The report underlined that NCHR detected cases when security departments continued to resort to the controversial Prevention of Crimes Law No. (7) of 1954, which allows administrative governors to take measures against people with criminal records citing security considerations and public security.
 
The NCHR stressed an improvement in the prison environment at the temporary detention centres.

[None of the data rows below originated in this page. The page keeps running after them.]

lemma independent_mod_coeff_self:
  assumes indep: "independent_mod x P" and P: "1 < P" and eq: "x n = lincomb x N m"
  shows "m n mod P = 1"
proof -
  define M where "M = max N (Suc n)"
  have "lincomb x M (\<lambda>i. if i < Suc n then if i = n then 1 else 0 else 0) = x n"
    using lincomb_pad[of "Suc n" M x "\<lambda>l. if l = n then 1 else 0"] lincomb_unit[of x n]
    unfolding M_def by simp
  also have "\<dots> = lincomb x M (\<lambda>i. if i < N then m i else 0)"
    using lincomb_pad[of N M x m] eq unfolding M_def by simp
  finally have "lincomb x M (\<lambda>i. if i < Suc n then if i = n then 1 else 0 else 0)
    = lincomb x M (\<lambda>i. if i < N then m i else 0)" .
  moreover have "0 < P" "n < M"
    using P unfolding M_def by simp_all
  ultimately have "(if n < Suc n then if n = n then 1 else 0 else 0) mod P = (if n < N then m n else 0) mod P"
    using independent_mod_coeff_eq[OF indep] by blast
  then show ?thesis
    using P by (cases "n < N") simp_all
qed

lemma exists_shift_endomorphism:
  assumes indep: "independent_mod x P" and P: "0 < P" and \<rho>: "retraction \<rho> (nat_span x)"
  obtains f where "additive_map f" "\<And>N m. f (lincomb x N m) = lincomb x (Suc N) (case_nat 0 m)"
    "\<And>g. \<exists>N m. f g = lincomb x (Suc N) (case_nat 0 m)"
proof -
  define sh where "sh a = (SOME b. \<exists>N m. a = lincomb x N m \<and> b = lincomb x (Suc N) (case_nat 0 m))" for a
  have sh: "sh (lincomb x N m) = lincomb x (Suc N) (case_nat 0 m)" for N m
  proof -
    have "\<exists>N' m'. lincomb x N m = lincomb x N' m' \<and> sh (lincomb x N m) = lincomb x (Suc N') (case_nat 0 m')"
      unfolding sh_def by (rule someI_ex) blast
    then show ?thesis
      using independent_mod_shift_eq[OF indep P] by metis
  qed
  have \<rho>_add: "additive_map \<rho>" and \<rho>_id: "\<And>a. a \<in> nat_span x \<Longrightarrow> \<rho> a = a"
    and \<rho>_range: "\<And>g. \<rho> g \<in> nat_span x"
    using \<rho> unfolding retraction_def by blast+
  define f where "f g = sh (\<rho> g)" for g
  have f_lincomb: "f (lincomb x N m) = lincomb x (Suc N) (case_nat 0 m)" for N m
  proof -
    have "lincomb x N m \<in> nat_span x"
      unfolding nat_span_def by blast
    then show ?thesis
      unfolding f_def by (simp add: \<rho>_id sh)
  qed
  have "additive_map f"
    unfolding additive_map_def
  proof (intro allI)
    fix a b
    obtain N m1 m2 where e: "\<rho> a = lincomb x N m1" "\<rho> b = lincomb x N m2"
      using nat_span_common[OF \<rho>_range \<rho>_range] by blast
    have "case_nat 0 (\<lambda>i. m1 i + m2 i) = (\<lambda>i. case_nat 0 m1 i + case_nat 0 m2 i)"
      by (rule ext) (simp split: nat.split)
    then show "f (a + b) = f a + f b"
      unfolding f_def additive_map_add[OF \<rho>_add] e lincomb_add sh by simp
  qed
  moreover have "\<exists>N m. f g = lincomb x (Suc N) (case_nat 0 m)" for g
  proof -
    obtain N m where "\<rho> g = lincomb x N m"
      using \<rho>_range[of g] unfolding nat_span_def by blast
    then show ?thesis
      unfolding f_def using sh by metis
  qed
  ultimately show ?thesis
    using f_lincomb that by blast
qed

lemma not_strongly_co_Hopfian_if_independent_summand:
  fixes x :: "nat \<Rightarrow> 'a::ab_group_add"
  assumes indep: "independent_mod x P" and P: "1 < P" and \<rho>: "retraction \<rho> (nat_span x)"
  shows "\<not> strongly_co_Hopfian TYPE('a)"
proof
  assume sch: "strongly_co_Hopfian TYPE('a)"
  have "0 < P"
    using P by simp
  obtain f where f_add: "additive_map f"
    and f_lincomb: "\<And>N m. f (lincomb x N m) = lincomb x (Suc N) (case_nat 0 m)"
    and f_range: "\<And>g. \<exists>N m. f g = lincomb x (Suc N) (case_nat 0 m)"
    using exists_shift_endomorphism[OF indep \<open>0 < P\<close> \<rho>] by blast
  define e where "e i l = (if l = i then 1 else 0 :: nat)" for i l :: nat
  have unit: "lincomb x (Suc i) (e i) = x i" for i
    unfolding e_def by (rule lincomb_unit)
  have "f (x i) = x (Suc i)" for i
  proof -
    have "case_nat 0 (e i) = e (Suc i)"
      by (rule ext) (simp add: e_def split: nat.split)
    then show ?thesis
      using f_lincomb[of "Suc i" "e i"] unit[of i] unit[of "Suc i"] by simp
  qed
  then have orbit: "(f ^^ n) (x 0) = x n" for n
    by (induction n) auto
  have shifted: "\<exists>N m. (f ^^ Suc n) g = lincomb x N m \<and> (\<forall>i\<le>n. m i = 0)" for n g
  proof (induction n)
    case 0
    obtain N m where "f g = lincomb x (Suc N) (case_nat 0 m)"
      using f_range by blast
    then show ?case
      by (intro exI[of _ "Suc N"] exI[of _ "case_nat 0 m"]) simp
  next
    case (Suc n)
    then obtain N m where "(f ^^ Suc n) g = lincomb x N m" "\<forall>i\<le>n. m i = 0"
      by blast
    then have "(f ^^ Suc (Suc n)) g = lincomb x (Suc N) (case_nat 0 m)" "\<forall>i\<le>Suc n. case_nat 0 m i = 0"
      using f_lincomb by (auto split: nat.split)
    then show ?case
      by blast
  qed
  have "x n \<notin> range (f ^^ Suc n)" for n
  proof
    assume "x n \<in> range (f ^^ Suc n)"
    then obtain g where "x n = (f ^^ Suc n) g"
      by blast
    then obtain N m where "x n = lincomb x N m" "m n = 0"
      using shifted[of n g] by auto
    then show False
      using independent_mod_coeff_self[OF indep P] by fastforce
  qed
  moreover obtain n where "range (f ^^ n) = range (f ^^ Suc n)"
    using sch f_add unfolding strongly_co_Hopfian_def by blast
  moreover have "x n \<in> range (f ^^ n)"
    using rangeI[of "f ^^ n" "x 0"] unfolding orbit .
  ultimately show False
    by blast
qed

section \<open>Strongly co-Hopfian reduced groups have finite primary components\<close>

lemma finite_translates_by_multiples:
  assumes "finite V" "nmul p y = 0" "0 < p"
  shows "finite {v + nmul c y | v c. v \<in> V}"
proof -
  have "{v + nmul c y | v c. v \<in> V} \<subseteq> (\<lambda>(v, c). v + nmul c y) ` (V \<times> {..<p})"
  proof
    fix z assume "z \<in> {v + nmul c y | v c. v \<in> V}"
    then obtain v c where "v \<in> V" "z = v + nmul c y"
      by blast
    moreover have "nmul c y = nmul (c mod p) y" "c mod p < p"
      using nmul_mod[OF assms(2)] assms(3) by simp_all
    ultimately show "z \<in> (\<lambda>(v, c). v + nmul c y) ` (V \<times> {..<p})"
      by force
  qed
  then show ?thesis
    using finite_subset assms(1) by blast
qed
(* Let $n\ge2$, $F\in GL^+(n)$, $\mu>0$, $\mu_c\ge0$. (i) If $\mu=\mu_c$, then $R\in SO(n)$ is a critical point of $\widetilde W_{\mu,\mu_c}(\cdot;F)$ if and only if $FR^T=RF^T$. (ii) If $\mu\ne\mu_c$, then $R\in SO(n)$ is a critical point of $\widetilde W_{\mu,\mu_c}(\cdot;F)$ if and only if $R$ is a critical point of $\widetilde W_{1,0}(\cdot;\widehat F_{\mu,\mu_c})$, which holds if and only if $$\widehat F_{\mu,\mu_c}R^T\widehat F_{\mu,\mu_c}R^T-R\widehat F_{\mu,\mu_c}^TR\widehat F_{\mu,\mu_c}^T=2\big(\widehat F_{\mu,\mu_c}R^T-R\widehat F_{\mu,\mu_c}^T\big).$$
   Context: $\mathrm{sym}(Y)=\tfrac12(Y+Y^T)$, $\mathrm{skew}(Y)=\tfrac12(Y-Y^T)$, $\|Y\|^2=\mathrm{tr}(Y^TY)$. For $F\in GL^+(n)$, $\mu>0$, $\mu_c\ge0$: $\widetilde W_{\mu,\mu_c}(R;F)=\mu\|\mathrm{sym}(R^TF-\mathbb I_n)\|^2+\mu_c\|\mathrm{skew}(R^TF-\mathbb I_n)\|^2$ on $SO(n)$; for any invertible $G$, $\widetilde W_{1,0}(R;G)=\|\mathrm{sym}(R^TG-\mathbb I_n)\|^2$. $\widehat F_{\mu,\mu_c}=\frac{\mu-\mu_c}{\mu}F$. Critical points are those of the restriction to the submanifold $SO(n)\subset\mathcal M_{n\times n}(\mathbb R)$. *)

theory Defs
  imports "HOL-Analysis.Analysis"
begin

definition msym :: "real^'n^'n \<Rightarrow> real^'n^'n" where
  "msym Y = (1/2) *\<^sub>R (Y + transpose Y)"

definition mskew :: "real^'n^'n \<Rightarrow> real^'n^'n" where
  "mskew Y = (1/2) *\<^sub>R (Y - transpose Y)"

definition frob2 :: "real^'n^'n \<Rightarrow> real" where
  "frob2 Y = trace (transpose Y ** Y)"

definition SOn :: "(real^'n^'n) set" where
  "SOn = {R. orthogonal_matrix R \<and> det R = 1}"

definition Wt :: "real \<Rightarrow> real \<Rightarrow> real^'n^'n \<Rightarrow> real^'n^'n \<Rightarrow> real" where
  "Wt mu muc F R = mu * frob2 (msym (transpose R ** F - mat 1))
                 + muc * frob2 (mskew (transpose R ** F - mat 1))"

definition Fhat :: "real \<Rightarrow> real \<Rightarrow> real^'n^'n \<Rightarrow> real^'n^'n" where
  "Fhat mu muc F = ((mu - muc) / mu) *\<^sub>R F"

text \<open>R is a critical point of the restriction of f to the submanifold SO(n):
  R lies in SO(n) and the derivative of f along every differentiable curve in
  SO(n) through R (i.e. along every tangent vector of SO(n) at R) vanishes.\<close>
definition crit_SO :: "(real^'n^'n \<Rightarrow> real) \<Rightarrow> real^'n^'n \<Rightarrow> bool" where
  "crit_SO f R \<longleftrightarrow> R \<in> SOn \<and>
     (\<forall>\<gamma> :: real \<Rightarrow> real^'n^'n. (\<forall>t. \<gamma> t \<in> SOn) \<and> \<gamma> 0 = R \<and> \<gamma> differentiable (at 0)
        \<longrightarrow> ((f \<circ> \<gamma>) has_real_derivative 0) (at 0))"

end

theory Submission
  imports Defs
begin

text \<open>
  Under the Frobenius inner product \<open>\<langle>X, Y\<rangle> = tr (X\<^sup>T Y)\<close>, the velocities of curves in
  SO(n) through R are the matrices R B with B skew, and each generator E_ij - E_ji of the skew
  matrices is the velocity of a curve of plane rotations. Hence, if f has differential
  \<open>V \<mapsto> \<langle>P, V\<rangle>\<close> at R, then R is critical for f on SO(n) iff \<open>R\<^sup>T P\<close> is symmetric.
  For the energy, \<open>P = 2 F N\<^sup>T\<close> with \<open>N = \<mu> sym(R\<^sup>T F - 1) + \<mu>\<^sub>c skew(R\<^sup>T F - 1)\<close>, and for
  \<open>\<mu> = \<mu>\<^sub>c\<close> this gives part (i) at once. For \<open>\<mu> \<noteq> \<mu>\<^sub>c\<close> the energy is, on SO(n), an affine
  function of the energy \<open>W\<^sub>1\<^sub>,\<^sub>0\<close> of the rescaled F with slope \<open>\<mu>\<^sup>2/(\<mu> - \<mu>\<^sub>c) \<noteq> 0\<close>, so the two
  have the same critical points, which the criterion characterises by the stated equation.
\<close>

lemma matrix_add_rdistrib: "((A::real^'n^'m) + B) ** C = A ** C + B ** C"
  by (vector matrix_matrix_mult_def sum.distrib[symmetric] field_simps)

lemma matrix_diff_rdistrib: "((A::real^'n^'m) - B) ** C = A ** C - B ** C"
  by (vector matrix_matrix_mult_def sum_subtractf[symmetric] field_simps)

lemma matrix_diff_ldistrib: "(C::real^'n^'m) ** (A - B) = C ** A - C ** B"
  by (vector matrix_matrix_mult_def sum_subtractf[symmetric] field_simps)

lemma transpose_add: "transpose ((A::real^'n^'m) + B) = transpose A + transpose B"
  by (simp add: transpose_def vec_eq_iff)

lemma transpose_diff: "transpose ((A::real^'n^'m) - B) = transpose A - transpose B"
  by (simp add: transpose_def vec_eq_iff)

lemma bounded_bilinear_matrix_mult: "bounded_bilinear (\<lambda>(A::real^'n^'n) B. A ** B)"
proof -
  have "bilinear (\<lambda>(A::real^'n^'n) B. A ** B)"
    unfolding bilinear_def
    by (auto intro!: linearI simp: matrix_add_ldistrib matrix_add_rdistrib
        scalar_matrix_assoc matrix_scalar_ac)
  then show ?thesis
    using bilinear_conv_bounded_bilinear by blast
qed

lemma bounded_linear_transpose: "bounded_linear (transpose :: real^'n^'m \<Rightarrow> real^'m^'n)"
  unfolding linear_conv_bounded_linear[symmetric]
  by (auto intro!: linearI simp: transpose_def vec_eq_iff)

lemma inner_matrix_eq_trace: "(X::real^'n^'n) \<bullet> Y = trace (transpose X ** Y)"
  by (simp add: inner_vec_def trace_def matrix_matrix_mult_def transpose_def, rule sum.swap)

lemma frob2_eq_inner: "frob2 Y = Y \<bullet> Y"
  by (simp add: frob2_def inner_matrix_eq_trace)

lemma inner_transpose_transpose: "transpose (X::real^'n^'n) \<bullet> transpose Y = X \<bullet> Y"
  unfolding inner_vec_def transpose_def by (simp, rule sum.swap)

lemma inner_matrix_mult_left: "((R::real^'n^'n) ** (A::real^'n^'n)) \<bullet> P = A \<bullet> (transpose R ** P)"
  unfolding inner_matrix_eq_trace by (simp add: matrix_transpose_mul matrix_mul_assoc)

lemma orthogonal_matrix_cancel:
  assumes "orthogonal_matrix (R::real^'n^'n)"
  shows "R ** transpose R = mat 1" "transpose R ** R = mat 1"
    "(A ** R) ** transpose R = A" "(A ** transpose R) ** R = A"
  using assms by (auto simp: orthogonal_matrix_def matrix_mul_assoc[symmetric])

lemma orthogonal_conj_eq_iff:
  assumes R: "orthogonal_matrix (R::real^'n^'n)"
  shows "(R ** Z) ** transpose R = (R ** W) ** transpose R \<longleftrightarrow> Z = W"
proof
  assume "(R ** Z) ** transpose R = (R ** W) ** transpose R"
  then have "transpose R ** ((R ** Z) ** transpose R) ** R = transpose R ** ((R ** W) ** transpose R) ** R"
    by simp
  then show "Z = W" by (simp add: orthogonal_matrix_cancel[OF R] matrix_mul_assoc)
qed simp

lemma transpose_msym: "transpose (msym X) = msym X"
  by (simp add: msym_def transpose_scalar transpose_add add.commute)

lemma transpose_mskew: "transpose (mskew X) = - mskew X"
  by (simp add: mskew_def transpose_scalar transpose_diff) (metis minus_diff_eq scaleR_minus_right)

lemma msym_add_mskew: "msym X + mskew X = (X::real^'n^'n)"
  by (simp add: msym_def mskew_def scaleR_add_right[symmetric] scaleR_diff_right[symmetric])

lemma msym_diff: "msym (X - Y) = msym X - msym (Y::real^'n^'n)"
  by (simp add: msym_def transpose_diff algebra_simps)

lemma mskew_diff: "mskew (X - Y) = mskew X - mskew (Y::real^'n^'n)"
  by (simp add: mskew_def transpose_diff algebra_simps)

lemma msym_scaleR: "msym (c *\<^sub>R X) = c *\<^sub>R msym (X::real^'n^'n)"
  by (simp add: msym_def transpose_scalar algebra_simps)

lemma msym_mat_1 [simp]: "msym (mat 1 :: real^'n^'n) = mat 1"
  by (simp add: msym_def scaleR_2[symmetric])

lemma mskew_mat_1 [simp]: "mskew (mat 1 :: real^'n^'n) = 0"
  by (simp add: mskew_def)

lemma inner_msym_right:
  "transpose S = S \<Longrightarrow> S \<bullet> msym (Y::real^'n^'n) = S \<bullet> Y"
  using inner_transpose_transpose[of S Y] by (simp add: msym_def inner_add_right)

lemma inner_mskew_right:
  "transpose S = - S \<Longrightarrow> S \<bullet> mskew (Y::real^'n^'n) = S \<bullet> Y"
  using inner_transpose_transpose[of S Y] by (simp add: mskew_def inner_diff_right)
(* the QPKE scheme at a fixed security parameter:
   skgen : distribution of sk;  PKGen(sk): classical pk ~ pkgen sk, quantum part rho sk pk
   (dimension dpk);  Enc(.,pk,m): channel enc pk m from dpk to dct;
   Dec(sk,.): two-outcome measurement with outcome-1 element dec sk. *)
definition qpke_correct ::
  "'sk::finite pmf \<Rightarrow> ('sk \<Rightarrow> 'pk::finite pmf) \<Rightarrow> ('sk \<Rightarrow> 'pk \<Rightarrow> complex mat) \<Rightarrow>
   ('pk \<Rightarrow> bool \<Rightarrow> complex mat list) \<Rightarrow> ('sk \<Rightarrow> complex mat) \<Rightarrow> nat \<Rightarrow> nat \<Rightarrow> bool" where
  "qpke_correct skgen pkgen rho enc dec dpk dct \<longleftrightarrow>
     (\<forall>sk pk. pmf skgen sk > 0 \<and> pmf (pkgen sk) pk > 0 \<longrightarrow> density dpk (rho sk pk)) \<and>
     (\<forall>pk m. kraus_channel dpk dct (enc pk m)) \<and>
     (\<forall>sk. povm_elt dct (dec sk)) \<and>
     (\<forall>m. (\<Sum>sk\<in>UNIV. \<Sum>pk\<in>UNIV. pmf skgen sk * pmf (pkgen sk) pk *
            meas_prob dct (dec sk) m (apply_channel dct (enc pk m) (rho sk pk))) = 1)"

(* output of the everlasting-security experiment: joint state of ct (dim dct) and the
   adversary's internal register (dim dint); adversary: channel adv pk from dpk to dpk*dint *)
definition exp_out ::
  "'sk::finite pmf \<Rightarrow> ('sk \<Rightarrow> 'pk::finite pmf) \<Rightarrow> ('sk \<Rightarrow> 'pk \<Rightarrow> complex mat) \<Rightarrow>
   ('pk \<Rightarrow> bool \<Rightarrow> complex mat list) \<Rightarrow> nat \<Rightarrow> nat \<Rightarrow> nat \<Rightarrow>
   ('pk \<Rightarrow> complex mat list) \<Rightarrow> bool \<Rightarrow> complex mat" where
  "exp_out skgen pkgen rho enc dpk dct dint adv m =
     Matrix.mat (dct * dint) (dct * dint) (\<lambda>ij. \<Sum>sk\<in>UNIV. \<Sum>pk\<in>UNIV.
        of_real (pmf skgen sk * pmf (pkgen sk) pk) *
        apply_channel (dct * dint) (map (\<lambda>K. kron K (1\<^sub>m dint)) (enc pk m))
          (apply_channel (dpk * dint) (adv pk) (rho sk pk)) $$ ij)"

end

(*
  The adversary ignores the public-key state.  Fix a public key pk in the support and a key sk
  with positive weight.  Correctness is an average of success probabilities, so decryption under
  sk succeeds with certainty on every ciphertext of pk.  Hence for any vector v in the support of
  the public-key state rho sk pk (found through a Cholesky decomposition of rho sk pk) the
  decryption outcome E annihilates the Kraus images of v under Enc(pk, 0) and 1 - E annihilates
  those under Enc(pk, 1); vectors annihilated by E and by 1 - E are orthogonal.  The adversary
  prepares v tensored with a basis vector |pk> of its internal register.  The labels |pk> make
  the contributions of different public keys orthogonal, so the experiment outputs for m = 0 and
  m = 1 have orthogonal supports, and the projector onto the span of the second (Gram-Schmidt)
  distinguishes them with certainty.
*)

theory Submission
  imports Defs
begin

section \<open>Vectors as functions\<close>

text \<open>A vector of \<open>\<complex>\<^sup>n\<close> is a function \<open>nat \<Rightarrow> complex\<close>; its values at indices \<open>\<ge> n\<close> are
  irrelevant, so most statements only hold below \<open>n\<close>.\<close>

definition cinner :: "nat \<Rightarrow> (nat \<Rightarrow> complex) \<Rightarrow> (nat \<Rightarrow> complex) \<Rightarrow> complex" where
  "cinner n f g = (\<Sum>i<n. cnj (f i) * g i)"

definition mat_app :: "complex mat \<Rightarrow> nat \<Rightarrow> (nat \<Rightarrow> complex) \<Rightarrow> nat \<Rightarrow> complex" where
  "mat_app A n f = (\<lambda>i. \<Sum>l<n. A $$ (i,l) * f l)"

definition quad_form :: "nat \<Rightarrow> complex mat \<Rightarrow> (nat \<Rightarrow> complex) \<Rightarrow> complex" where
  "quad_form n A f = cinner n f (mat_app A n f)"

lemma cinner_commute: "cinner n g f = cnj (cinner n f g)"
  unfolding cinner_def by (simp add: cnj_sum mult.commute)

lemma cinner_cong:
  "(\<And>i. i < n \<Longrightarrow> f i = f' i) \<Longrightarrow> (\<And>i. i < n \<Longrightarrow> g i = g' i) \<Longrightarrow> cinner n f g = cinner n f' g'"
  unfolding cinner_def by (rule sum.cong) auto

lemma cinner_zero_left [simp]: "cinner n (\<lambda>_. 0) g = 0"
  unfolding cinner_def by simp

lemma cinner_diff_right: "cinner n f (\<lambda>i. g i - h i) = cinner n f g - cinner n f h"
  unfolding cinner_def by (simp add: right_diff_distrib sum_subtractf)

lemma cinner_diff_left: "cinner n (\<lambda>i. g i - h i) f = cinner n g f - cinner n h f"
  unfolding cinner_def by (simp add: left_diff_distrib sum_subtractf)

lemma cinner_scale_right: "cinner n f (\<lambda>i. c * g i) = c * cinner n f g"
  unfolding cinner_def by (simp add: sum_distrib_left mult_ac)

lemma cinner_scale_left: "cinner n (\<lambda>i. c * g i) f = cnj c * cinner n g f"
  unfolding cinner_def by (simp add: sum_distrib_left mult_ac)

lemma cinner_sum_right: "cinner n f (\<lambda>i. \<Sum>a\<in>A. c a * g a i) = (\<Sum>a\<in>A. c a * cinner n f (g a))"
  unfolding cinner_def by (simp add: sum_distrib_left mult_ac) (rule sum.swap)

lemma cinner_sum_left: "cinner n (\<lambda>i. \<Sum>a\<in>A. c a * g a i) f = (\<Sum>a\<in>A. cnj (c a) * cinner n (g a) f)"
  unfolding cinner_def by (simp add: cnj_sum sum_distrib_left sum_distrib_right mult_ac) (rule sum.swap)

lemma cinner_self: "cinner n f f = of_real (\<Sum>i<n. (cmod (f i))\<^sup>2)"
  unfolding cinner_def of_real_sum
  by (intro sum.cong refl) (metis complex_norm_square mult.commute of_real_power)

lemma Re_cinner_self_nonneg: "0 \<le> Re (cinner n f f)"
  unfolding cinner_self by (simp add: sum_nonneg)

lemma cinner_self_eq_0: "cinner n f f = 0 \<Longrightarrow> i < n \<Longrightarrow> f i = 0"
  unfolding cinner_self of_real_eq_0_iff by (subst (asm) sum_nonneg_eq_0_iff) auto

lemma cinner_indicator_left: "i < n \<Longrightarrow> cinner n (\<lambda>l. of_bool (l = i)) f = f i"
  unfolding cinner_def by (subst sum.cong[OF refl, of _ _ "\<lambda>l. if l = i then f l else 0"]) auto

lemma mat_app_indicator: "i < n \<Longrightarrow> mat_app A n (\<lambda>l. of_bool (l = i)) j = A $$ (j,i)"
  unfolding mat_app_def by (subst sum.cong[OF refl, of _ _ "\<lambda>l. if l = i then A $$ (j,l) else 0"]) auto

lemma mat_app_cong: "(\<And>l. l < n \<Longrightarrow> f l = g l) \<Longrightarrow> mat_app A n f = mat_app A n g"
  unfolding mat_app_def by (intro ext sum.cong) auto

lemma quad_form_cong: "(\<And>l. l < n \<Longrightarrow> f l = g l) \<Longrightarrow> quad_form n A f = quad_form n A g"
  unfolding quad_form_def by (intro cinner_cong) (auto simp: mat_app_cong[of n f g])

lemma mat_app_add_scaled:
  "mat_app A n (\<lambda>l. f l + c * g l) = (\<lambda>i. mat_app A n f i + c * mat_app A n g i)"
  unfolding mat_app_def by (simp add: distrib_left sum.distrib sum_distrib_left mult_ac)

lemma mat_app_scale: "mat_app A n (\<lambda>l. c * f l) = (\<lambda>i. c * mat_app A n f i)"
  unfolding mat_app_def by (simp add: sum_distrib_left mult_ac)

lemma quad_form_add_scaled:
  "quad_form n A (\<lambda>l. f l + c * g l) =
     quad_form n A f + c * cinner n f (mat_app A n g) + cnj c * cinner n g (mat_app A n f)
       + cnj c * c * quad_form n A g"
  unfolding quad_form_def mat_app_add_scaled
  by (simp add: cinner_def sum.distrib sum_distrib_left ring_distribs mult_ac)

section \<open>Positive semidefinite matrices\<close>

lemma hermitian_entry:
  assumes "A \<in> carrier_mat n n" "dagger A = A" "i < n" "j < n"
  shows "A $$ (j,i) = cnj (A $$ (i,j))"
proof -
  have "dagger A $$ (j,i) = cnj (A $$ (i,j))" using assms(1,3,4) unfolding dagger_def by auto
  then show ?thesis using assms(2) by simp
qed

lemma cinner_mat_app_hermitian:
  assumes "A \<in> carrier_mat n n" "dagger A = A"
  shows "cinner n f (mat_app A n g) = cinner n (mat_app A n f) g"
proof -
  have "cinner n f (mat_app A n g) = (\<Sum>i<n. \<Sum>l<n. cnj (f i) * A $$ (i,l) * g l)"
    unfolding cinner_def mat_app_def by (simp add: sum_distrib_left mult_ac)
  also have "\<dots> = (\<Sum>l<n. \<Sum>i<n. cnj (A $$ (l,i) * f i) * g l)"
  proof (subst sum.swap, intro sum.cong refl)
    fix l i assume "l \<in> {..<n}" "i \<in> {..<n}"
    then show "cnj (f i) * A $$ (i,l) * g l = cnj (A $$ (l,i) * f i) * g l"
      using hermitian_entry[OF assms, of l i] by simp
  qed
  also have "\<dots> = cinner n (mat_app A n f) g"
    unfolding cinner_def mat_app_def by (simp add: cnj_sum sum_distrib_right)
  finally show ?thesis .
qed

lemma psd_carrier: "psd n A \<Longrightarrow> A \<in> carrier_mat n n"
  and psd_hermitian: "psd n A \<Longrightarrow> dagger A = A"
  unfolding psd_def by auto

However, in 2017, while conducting visits to prisons (of which 34 were unannounced), NCHR noticed shortcomings such as the prolonged pre-trial detention exceeding (24) hours, when the suspects are kept in custody for prolonged periods based on the Prevention of Crimes Law, and sometimes totally illegally.
 
The report said that there are still a number of challenges to the citizens’ right to a fair trial, with the number of complaints received by the NCHR in 2017 concerning the right to a fair trial standing at (57), mostly revolving around prolonged judicial detention and rejection of release on bail requests and appeals against certain judicial proceedings.
 
On the freedom of opinion and expression, the report referred to amendments to a number of legislation relating to the right to freedom of opinion and expression in 2017, which included the amendment of article (68/H) of the Civil Service By-law to add a new constraint on employees in the context of expressing their opinion, using “Loose wording” to described banned acts, such as “insulting the country” in social media posts.
 
The report also pointed out a rise in the case of detention and prosecuting individuals for speaking out on social media platforms, their participation in sit-ins and protests or expressing their opinion by using other means.
 
On the right to assembly, NCHR cited a number of bans issued by administrative governors of public gatherings, while this approach did not prevent people from staging peaceful marches and demonstrations in protest against the policies and practices of the government.
 
On the right to form and join associations, the report said that the dialogue between the partners (the government and civil society organisations) on the law of forming associations was still under way, but the government “did not move forward in taking the necessary procedures to endorse the draft law amending the Law of Associations in 2017”. 
 
NCHR emphasised the absence of a single specific authority to oversee the work of the associations, which led to the absence of uniformity in related policies.
 
NCHR underlined a shortage in manpower regarding the inspection campaigns carried out by the Ministry of Labour teams and the violations that they report against the employers.
 
Despite increasing the number of inspection visits and appointing new inspectors, they remain insufficient to address the violations against workers, while employees at Qualifying Industrial Zones suffered in some cases unfair disciplinary measures, humiliation, overcrowding dorms, low wages, extra working hours, delayed salaries, the absence of social and health protection in many work places and ban from access to rights and employment contracts.
 
On the right to education, the NCHR teams observed cases of bad conditions of school buildings, a shortage of teachers, desks and whiteboards in classrooms “in most schools”, overcrowded classrooms, the deterioration in the hygienic situation and the lack of several facilities such as heating, fans and playgrounds.
 
The report mentioned some positive developments in terms of supporting women’s rights, most important of which is women’s quota in elected councils.
 
NCHR monitored the conditions of persons with disabilities in the care centres, rehabilitation and vocational training, which suffer from the lack of centres for care, rehabilitation and vocational training for persons with disabilities and the absence of appropriate geographical distribution in the governorates of the Kingdom.
 
On the rights of elderly people, NCHR revealed that 2017 witnessed no updates to the laws and regulations governing the rights of elderly people, which NCHR considers inadequate and lack provisions that secure the rights of the elderly people outside care institutions, such as the right to employment, the healthcare and physical integrity, in addition to the need to adjust these the laws and regulations to conform to international standards.